Dataset entries START

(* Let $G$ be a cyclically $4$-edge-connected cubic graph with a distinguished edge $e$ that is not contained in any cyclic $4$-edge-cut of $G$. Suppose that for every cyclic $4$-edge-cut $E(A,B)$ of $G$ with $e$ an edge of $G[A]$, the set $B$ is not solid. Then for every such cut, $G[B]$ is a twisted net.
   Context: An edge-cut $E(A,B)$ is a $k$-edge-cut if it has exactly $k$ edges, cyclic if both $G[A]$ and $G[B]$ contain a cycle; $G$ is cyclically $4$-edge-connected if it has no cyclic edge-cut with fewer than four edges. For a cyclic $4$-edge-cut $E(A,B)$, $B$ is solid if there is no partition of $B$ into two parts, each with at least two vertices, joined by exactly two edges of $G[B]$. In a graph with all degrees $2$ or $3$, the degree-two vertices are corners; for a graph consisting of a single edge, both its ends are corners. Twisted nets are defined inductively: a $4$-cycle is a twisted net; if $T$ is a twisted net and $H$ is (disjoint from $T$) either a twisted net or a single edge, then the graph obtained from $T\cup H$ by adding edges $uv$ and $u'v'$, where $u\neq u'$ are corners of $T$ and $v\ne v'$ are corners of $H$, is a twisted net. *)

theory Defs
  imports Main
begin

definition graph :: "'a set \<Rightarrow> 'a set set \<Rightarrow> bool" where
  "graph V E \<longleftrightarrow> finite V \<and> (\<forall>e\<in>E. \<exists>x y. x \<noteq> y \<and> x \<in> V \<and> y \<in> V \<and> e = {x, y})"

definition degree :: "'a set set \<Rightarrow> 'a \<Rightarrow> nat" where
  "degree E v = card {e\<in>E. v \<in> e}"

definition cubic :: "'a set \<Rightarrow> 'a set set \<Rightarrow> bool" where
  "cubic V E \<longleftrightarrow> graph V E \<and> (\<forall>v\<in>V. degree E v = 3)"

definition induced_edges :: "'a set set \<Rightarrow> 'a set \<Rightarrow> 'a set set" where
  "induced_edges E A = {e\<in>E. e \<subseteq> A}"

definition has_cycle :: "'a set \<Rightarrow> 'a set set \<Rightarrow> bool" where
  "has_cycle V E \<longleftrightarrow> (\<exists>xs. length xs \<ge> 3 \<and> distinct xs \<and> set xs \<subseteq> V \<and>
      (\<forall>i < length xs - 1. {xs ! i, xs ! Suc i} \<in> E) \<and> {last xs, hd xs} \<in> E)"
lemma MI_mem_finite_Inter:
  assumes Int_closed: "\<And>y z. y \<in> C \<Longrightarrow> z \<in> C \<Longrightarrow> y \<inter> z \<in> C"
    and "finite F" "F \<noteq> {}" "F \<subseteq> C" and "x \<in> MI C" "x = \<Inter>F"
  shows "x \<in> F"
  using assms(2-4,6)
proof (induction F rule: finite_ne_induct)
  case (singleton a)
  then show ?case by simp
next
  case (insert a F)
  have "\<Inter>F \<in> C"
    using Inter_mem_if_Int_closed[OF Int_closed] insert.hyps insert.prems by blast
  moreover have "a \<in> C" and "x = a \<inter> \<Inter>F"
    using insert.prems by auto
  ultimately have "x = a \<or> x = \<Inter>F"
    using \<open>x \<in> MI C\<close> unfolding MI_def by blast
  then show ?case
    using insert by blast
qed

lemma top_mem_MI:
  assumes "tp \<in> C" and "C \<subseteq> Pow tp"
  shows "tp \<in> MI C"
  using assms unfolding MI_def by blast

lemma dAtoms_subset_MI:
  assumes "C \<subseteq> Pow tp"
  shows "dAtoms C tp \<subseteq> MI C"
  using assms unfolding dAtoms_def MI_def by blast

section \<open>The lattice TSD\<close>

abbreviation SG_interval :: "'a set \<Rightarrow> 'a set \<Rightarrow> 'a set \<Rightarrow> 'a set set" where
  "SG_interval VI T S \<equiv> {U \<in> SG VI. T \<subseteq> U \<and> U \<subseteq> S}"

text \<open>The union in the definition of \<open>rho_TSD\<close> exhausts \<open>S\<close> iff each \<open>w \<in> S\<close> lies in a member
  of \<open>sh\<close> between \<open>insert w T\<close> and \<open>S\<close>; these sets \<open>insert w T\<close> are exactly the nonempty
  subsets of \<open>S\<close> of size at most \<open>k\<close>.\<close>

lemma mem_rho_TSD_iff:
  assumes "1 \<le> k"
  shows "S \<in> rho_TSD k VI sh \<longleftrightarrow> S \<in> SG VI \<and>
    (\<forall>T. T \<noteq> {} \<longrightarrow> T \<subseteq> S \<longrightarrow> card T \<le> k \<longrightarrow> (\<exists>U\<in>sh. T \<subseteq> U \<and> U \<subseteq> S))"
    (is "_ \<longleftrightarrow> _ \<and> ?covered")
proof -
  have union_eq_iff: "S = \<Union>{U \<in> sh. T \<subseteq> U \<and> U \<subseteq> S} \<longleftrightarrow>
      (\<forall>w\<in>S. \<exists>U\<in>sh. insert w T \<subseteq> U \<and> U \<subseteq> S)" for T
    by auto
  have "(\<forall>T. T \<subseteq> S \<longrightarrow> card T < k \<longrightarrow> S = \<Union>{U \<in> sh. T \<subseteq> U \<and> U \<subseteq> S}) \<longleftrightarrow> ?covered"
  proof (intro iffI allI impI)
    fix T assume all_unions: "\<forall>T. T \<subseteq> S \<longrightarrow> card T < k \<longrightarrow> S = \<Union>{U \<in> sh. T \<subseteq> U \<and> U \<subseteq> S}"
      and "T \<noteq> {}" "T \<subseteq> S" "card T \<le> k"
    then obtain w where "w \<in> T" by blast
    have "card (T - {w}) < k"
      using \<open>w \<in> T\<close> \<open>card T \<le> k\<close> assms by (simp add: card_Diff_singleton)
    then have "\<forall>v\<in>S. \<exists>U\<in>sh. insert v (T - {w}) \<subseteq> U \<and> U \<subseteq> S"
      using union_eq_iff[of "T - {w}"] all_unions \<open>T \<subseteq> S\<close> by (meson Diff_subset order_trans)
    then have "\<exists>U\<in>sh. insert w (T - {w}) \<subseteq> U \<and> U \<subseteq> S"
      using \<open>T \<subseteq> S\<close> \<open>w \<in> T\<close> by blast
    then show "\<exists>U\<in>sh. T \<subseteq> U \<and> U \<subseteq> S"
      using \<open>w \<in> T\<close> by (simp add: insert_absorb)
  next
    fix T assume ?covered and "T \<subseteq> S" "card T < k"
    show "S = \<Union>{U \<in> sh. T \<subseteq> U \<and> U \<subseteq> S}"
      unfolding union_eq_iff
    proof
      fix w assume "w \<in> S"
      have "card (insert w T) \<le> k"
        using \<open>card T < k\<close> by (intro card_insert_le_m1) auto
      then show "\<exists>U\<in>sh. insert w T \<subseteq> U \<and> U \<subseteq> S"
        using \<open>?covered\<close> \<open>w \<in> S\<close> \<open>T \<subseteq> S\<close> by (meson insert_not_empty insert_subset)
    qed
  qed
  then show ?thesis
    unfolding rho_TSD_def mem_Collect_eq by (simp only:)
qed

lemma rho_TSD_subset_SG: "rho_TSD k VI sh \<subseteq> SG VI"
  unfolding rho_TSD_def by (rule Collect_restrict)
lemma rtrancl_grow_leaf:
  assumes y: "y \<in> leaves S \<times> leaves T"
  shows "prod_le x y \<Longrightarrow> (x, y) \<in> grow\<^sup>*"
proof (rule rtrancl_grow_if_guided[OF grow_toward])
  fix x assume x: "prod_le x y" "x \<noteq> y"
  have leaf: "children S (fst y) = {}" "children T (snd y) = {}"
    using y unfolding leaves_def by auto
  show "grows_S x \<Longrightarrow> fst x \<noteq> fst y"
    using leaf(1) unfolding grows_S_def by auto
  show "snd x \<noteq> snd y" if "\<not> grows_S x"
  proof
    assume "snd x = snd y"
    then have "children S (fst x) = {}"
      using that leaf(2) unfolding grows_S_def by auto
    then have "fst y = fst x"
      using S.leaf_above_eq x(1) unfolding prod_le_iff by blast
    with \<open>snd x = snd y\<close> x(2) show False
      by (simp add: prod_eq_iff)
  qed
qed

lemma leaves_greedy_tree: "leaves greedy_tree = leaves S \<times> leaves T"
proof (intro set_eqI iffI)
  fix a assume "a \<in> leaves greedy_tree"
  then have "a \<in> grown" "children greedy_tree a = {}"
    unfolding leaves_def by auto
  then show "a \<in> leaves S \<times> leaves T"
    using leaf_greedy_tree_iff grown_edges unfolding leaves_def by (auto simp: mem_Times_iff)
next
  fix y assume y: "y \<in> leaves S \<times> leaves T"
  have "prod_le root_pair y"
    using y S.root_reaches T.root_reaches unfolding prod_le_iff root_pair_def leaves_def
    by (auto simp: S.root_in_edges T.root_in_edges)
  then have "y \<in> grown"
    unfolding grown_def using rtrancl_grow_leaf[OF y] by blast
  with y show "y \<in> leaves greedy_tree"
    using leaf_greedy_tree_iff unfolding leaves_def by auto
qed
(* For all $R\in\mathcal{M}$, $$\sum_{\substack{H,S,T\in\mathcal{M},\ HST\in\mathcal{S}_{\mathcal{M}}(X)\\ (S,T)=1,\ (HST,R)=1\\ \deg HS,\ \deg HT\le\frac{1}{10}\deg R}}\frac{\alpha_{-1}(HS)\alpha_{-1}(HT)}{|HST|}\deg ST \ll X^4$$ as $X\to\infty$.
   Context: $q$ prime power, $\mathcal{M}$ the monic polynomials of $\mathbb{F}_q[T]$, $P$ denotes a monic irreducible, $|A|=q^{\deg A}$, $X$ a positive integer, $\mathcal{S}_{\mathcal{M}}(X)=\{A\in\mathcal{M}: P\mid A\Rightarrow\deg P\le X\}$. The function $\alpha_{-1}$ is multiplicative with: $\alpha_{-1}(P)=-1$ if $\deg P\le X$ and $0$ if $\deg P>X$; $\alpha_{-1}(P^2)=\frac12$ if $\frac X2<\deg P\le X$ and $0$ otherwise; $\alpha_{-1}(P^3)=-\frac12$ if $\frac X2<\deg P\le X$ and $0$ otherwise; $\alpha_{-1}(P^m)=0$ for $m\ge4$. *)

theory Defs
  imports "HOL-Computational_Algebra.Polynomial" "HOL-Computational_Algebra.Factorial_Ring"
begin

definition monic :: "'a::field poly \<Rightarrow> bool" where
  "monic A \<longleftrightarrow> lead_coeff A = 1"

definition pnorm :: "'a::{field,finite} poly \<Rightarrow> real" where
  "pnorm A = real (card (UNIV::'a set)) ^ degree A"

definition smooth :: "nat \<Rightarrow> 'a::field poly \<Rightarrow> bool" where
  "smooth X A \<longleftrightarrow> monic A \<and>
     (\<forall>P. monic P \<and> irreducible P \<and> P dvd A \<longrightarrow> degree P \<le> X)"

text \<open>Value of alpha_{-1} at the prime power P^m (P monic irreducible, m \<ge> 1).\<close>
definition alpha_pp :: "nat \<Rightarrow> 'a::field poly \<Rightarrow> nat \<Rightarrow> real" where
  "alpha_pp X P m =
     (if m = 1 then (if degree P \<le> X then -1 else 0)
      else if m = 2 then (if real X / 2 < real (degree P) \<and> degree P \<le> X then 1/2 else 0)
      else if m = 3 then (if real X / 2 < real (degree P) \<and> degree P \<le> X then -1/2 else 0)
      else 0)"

Dataset entries END

Work request - The string "shows" may appear in lines of the entries above. Say how many such lines there are, as a number only.

Your solution - 5